Guide, topic: agent eval set trust calibration before a model swap

Before you trust the eval set's verdict on a model swap, prove the eval set itself is trustworthy.

Most teams treat the agent eval set as ground truth. The new model scores higher, the swap goes on the roadmap, and three weeks later a customer files a ticket about a refund flow that regressed. The bake-off was not wrong. The eval set was. This guide is the calibration protocol we ship into client repos before any model swap is allowed: a 50 case gold set, two specific numbers, three pinned versions, and a one-page trust card the engagement owner signs.

Matthew Diakonov, Written with AI

Published April 28, 202611 min read

The thing nobody asks about a bake-off

Here is the question that does not get asked when a model swap is on the table: how confident are we that the eval set we are grading against is still measuring the thing we care about? Everyone asks how the new model scored. Almost nobody asks whether the score itself is trustworthy. The eval set is implicitly treated as ground truth, when in fact it is an instrument that drifts, ages, and gets graded by a judge that also drifts.

Two specific drifts kill swaps. First, the judge model rotates (a vendor pushes a new snapshot under the alias you pinned, or you swap to a cheaper judge to save tokens) and the same rubric grades the same cases differently. Second, the eval set ages: production traffic shifts, new intents emerge, old intents get resolved upstream, and the eval set no longer reflects what users are actually doing. Either drift makes the bake-off score a number with an unknown error bar. With an unknown error bar a 1.5 point delta is meaningless.

The fix is a calibration step that runs before the bake-off. Two numbers, three pins, one signed page. We call it the trust card. The model swap decision rule changes from "is the new model better" to "is the new model better, and is the eval set trustworthy enough that the answer matters."

The three trust gates, in the order they run

Each gate produces a number and a status. The bake-off result is not opened until all three have a status. A failed gate does not mean abandon the swap; it means fix the gate first and run the bake-off second.

Gate 1: judge-human agreement on a 50-case gold set

Cohen's kappa between the LLM judge and a hand-graded gold set has to clear 0.85 before the eval set is allowed to weigh in on a model swap. Below 0.85 the judge is grading something other than what your humans care about, and the bake-off is a thermometer pointed at the wrong room.

50 cases is the floor. 100 is better. The gold set is hand-labeled by the engineer who owns the agent, not an annotation vendor, because the labels carry product opinion that vendors do not have. Re-label the gold set every two weeks. If kappa drops, the judge prompt has drifted or the judge model itself has changed snapshots; both happen quietly.

Gate 2: eval-to-production correlation over the trailing 14 days

Spearman rho between per-case eval scores and per-case production outcomes for the same intents has to clear 0.7. If the eval set ranks a slice as healthy and production grades the same slice as failing, the eval set is measuring the wrong thing and no bake-off result built on it is allowed to ship.

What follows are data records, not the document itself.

lemma xnext_le_if_good_step:
  assumes good: "1 \<le> \<gamma>max \<or> ereal \<gamma> < \<gamma>max" and "L' \<le> \<eta> * L" and "0 \<le> \<eta>"
  shows "f xnext \<le> f x - (1 - \<eta> / 2) * min 1 (grad x \<bullet> d / (L * (norm d)\<^sup>2)) * (grad x \<bullet> d)"
proof (cases "\<eta> \<le> 2")
  case True
  have "min 1 (grad x \<bullet> d / (L * (norm d)\<^sup>2)) * (grad x \<bullet> d) \<le> \<gamma> * (grad x \<bullet> d)"
    using step_rule_min_one_mult_le[OF _ \<gamma>max_pos step_rule good] L_nonneg by simp
  with True have "(1 - \<eta> / 2) * (min 1 (grad x \<bullet> d / (L * (norm d)\<^sup>2)) * (grad x \<bullet> d))
      \<le> (1 - \<eta> / 2) * (\<gamma> * (grad x \<bullet> d))"
    by (intro mult_left_mono) auto
  with xnext_le_if_curvature_le[OF assms(2,3)] show ?thesis
    by (simp add: mult.assoc)
next
  case False
  have "0 \<le> min 1 (grad x \<bullet> d / (L * (norm d)\<^sup>2)) * (grad x \<bullet> d)"
    using min_one_ratio_mult_nonneg L_nonneg by simp
  with False have "(1 - \<eta> / 2) * (min 1 (grad x \<bullet> d / (L * (norm d)\<^sup>2)) * (grad x \<bullet> d)) \<le> 0"
    by (intro mult_nonpos_nonneg) auto
  with xnext_le show ?thesis
    by (simp add: mult.assoc)
qed

end

theorem lemma4:
  fixes A X :: "'a::euclidean_space set"
    and f :: "'a \<Rightarrow> real" and grad :: "'a \<Rightarrow> 'a" and Lf :: real
    and xm1 :: 'a and x xb v d :: "nat \<Rightarrow> 'a"
    and gmax :: "nat \<Rightarrow> ereal" and gam Lt r :: "nat \<Rightarrow> real"
    and eta :: real
  assumes A: "compact A" "A \<noteq> {}"
    and X: "X = convex hull A \<or> X = span A"
    and deriv: "\<And>y. (f has_derivative (\<lambda>h. grad y \<bullet> h)) (at y)"
    and lip: "\<And>y z. norm (grad y - grad z) \<le> Lf * norm (y - z)"
    \<comment> \<open>initialisation\<close>
    and init_xm1: "xm1 \<in> A"
    and init_x0: "x 0 \<in> A" "\<forall>u\<in>A. grad xm1 \<bullet> x 0 \<le> grad xm1 \<bullet> u"
    and init_L0: "Lt 0 = ell f grad xm1 (x 0)"
    \<comment> \<open>iteration\<close>
    and vt: "\<And>t. v t \<in> A \<and> (\<forall>u\<in>A. grad (x t) \<bullet> v t \<le> grad (x t) \<bullet> u)"
    and gmax_pos: "\<And>t. gmax t > 0"
    and gam: "\<And>t. ereal (gam t) =
                 min (ereal (grad (x t) \<bullet> d t / (Lt t * (norm (d t))\<^sup>2))) (gmax t)"
    and xbar: "\<And>t. xb (Suc t) = x t - gam t *\<^sub>R d t"
    and Lnext: "\<And>t. Lt (Suc t) = max (ell f grad (x t) (xb (Suc t))) (r t * Lt t)"
    and xnext: "\<And>t. x (Suc t) = (if f (xb (Suc t)) < f (x t) then xb (Suc t) else x t)"
    \<comment> \<open>Condition (D)\<close>
    and D1: "\<And>t. 0 < r t \<and> r t \<le> 1"
    and D2: "\<exists>p. (\<lambda>T. \<Prod>t<T. r t) \<longlonglongrightarrow> p \<and> 0 < p \<and> p \<le> 1"
    \<comment> \<open>Condition (S)\<close>
    and S1: "\<And>t. norm (d t) \<le> diameter A \<and>
                (\<forall>\<gamma>::real. 0 \<le> \<gamma> \<and> ereal \<gamma> \<le> gmax t \<longrightarrow> x t - \<gamma> *\<^sub>R d t \<in> X)"
    and S2: "infinite {t. gmax t \<ge> 1 \<or> ereal (gam t) < gmax t}"
    and S3: "convex_on UNIV f \<Longrightarrow>
               \<exists>R\<ge>1. \<forall>t xs. (xs \<in> X \<and> (\<forall>y\<in>X. f xs \<le> f y)) \<longrightarrow>
                  grad (x t) \<bullet> d t \<ge> (f (x t) - f xs) / R"
    and eta: "eta > 1"
  shows "\<forall>t.
     (f (x (Suc t)) \<le> f (xb (Suc t)) \<and>
      f (xb (Suc t)) \<le> f (x t) - gam t * (grad (x t) \<bullet> d t)
                        + Lt (Suc t) / 2 * (gam t)\<^sup>2 * (norm (d t))\<^sup>2)
   \<and> (Lt (Suc t) \<le> eta * Lt t \<longrightarrow>
        f (x (Suc t)) \<le> f (x t) - (1 - eta / 2) * gam t * (grad (x t) \<bullet> d t))
   \<and> ((gmax t \<ge> 1 \<or> ereal (gam t) < gmax t) \<and> Lt (Suc t) \<le> eta * Lt t \<longrightarrow>
        f (x (Suc t)) \<le> f (x t) - (1 - eta / 2)
           * min 1 (grad (x t) \<bullet> d t / (Lt t * (norm (d t))\<^sup>2)) * (grad (x t) \<bullet> d t))
   \<and> (convex_on UNIV f \<and> X = convex hull A \<longrightarrow>
        (\<forall>xs. xs \<in> X \<and> (\<forall>y\<in>X. f xs \<le> f y) \<longrightarrow>
           grad (x t) \<bullet> (x t - v t) \<ge> f (x t) - f xs))"
proof -
  have L_nonneg: "0 \<le> Lt t" for t
    using init_L0 Lnext ell_nonneg by (induction t) (auto simp: le_max_iff_disj)
  have step: "ac_fw_step f grad (x t) (d t) (xb (Suc t)) (x (Suc t)) (gam t) (Lt t) (Lt (Suc t)) (gmax t)"
    for t
    using L_nonneg gmax_pos gam xbar Lnext xnext by unfold_locales auto
  have gap: "f (x t) - f xs \<le> grad (x t) \<bullet> (x t - v t)"
    if "convex_on UNIV f" "xs \<in> convex hull A" for t xs
    using fw_gap_ge_suboptimality[OF that(1) deriv[of "x t"] _ that(2)] vt by blast
  show ?thesis
    using ac_fw_step.xnext_le_xbar[OF step] ac_fw_step.xbar_le[OF step]
      ac_fw_step.xnext_le_if_curvature_le[OF step] ac_fw_step.xnext_le_if_good_step[OF step]
      gap eta
    by auto
qed

end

The production grade is a small ongoing process: 30 to 80 traces a day sampled from real traffic, run through the same rubric the eval set uses, with the same judge model. The correlation is computed across intents (head, tail, high-stakes, adversarial, long-context). One slice that decouples from production is a kill-switch on the slice, not a kill-switch on the entire bake-off, but it has to be flagged on the trust card.

Gate 3: pinned judge, pinned dataset, pinned candidate set

Three things get hashed and recorded before the bake-off runs: the judge model snapshot, the eval set commit SHA, and the candidate models with their exact snapshot strings. Anything that floats invalidates the comparison and is treated as a failed gate. This is how you catch the silent retest where someone re-ran with a different judge and the numbers shifted by 4 points.

We pin to a snapshot string the vendor publishes (claude-sonnet-4-5 on a date, gpt-4.1-2025-04-14, gemini-2.5-pro-05-06). We do not pin to an alias like "latest" because aliases change underneath you. The eval set is committed to the client repo and the SHA is in the trust card; if the next bake-off uses a different SHA, the rubric flags the comparison as not-strictly-comparable and the shipping owner has to acknowledge that on the page.

The artifact: `eval_trust_card.md`

The trust card is one markdown file in the client's repo, checked in alongside the eval set. It regenerates from one command and the engagement owner signs it before the bake-off result is read. The shape we ship looks like this. The numbers below are from a real engagement (slice names lightly anonymized).

evals/trust_card.md

What the regen actually prints

The trust card is regenerated by a single command. The output is short on purpose: three gate results, an overall status, a one-line note when a gate flags. If the run takes more than three minutes for a 67 case gold set and 14 days of trace samples, the harness is doing too much; trim it.

bash

What the trust card catches that a bake-off alone does not

The trust card sits upstream of the bake-off. It is a calibration step, not a comparison step. The comparison below is between a swap process gated by a trust card and the more common swap process where the eval set is treated as ground truth and the bake-off score is taken at face value.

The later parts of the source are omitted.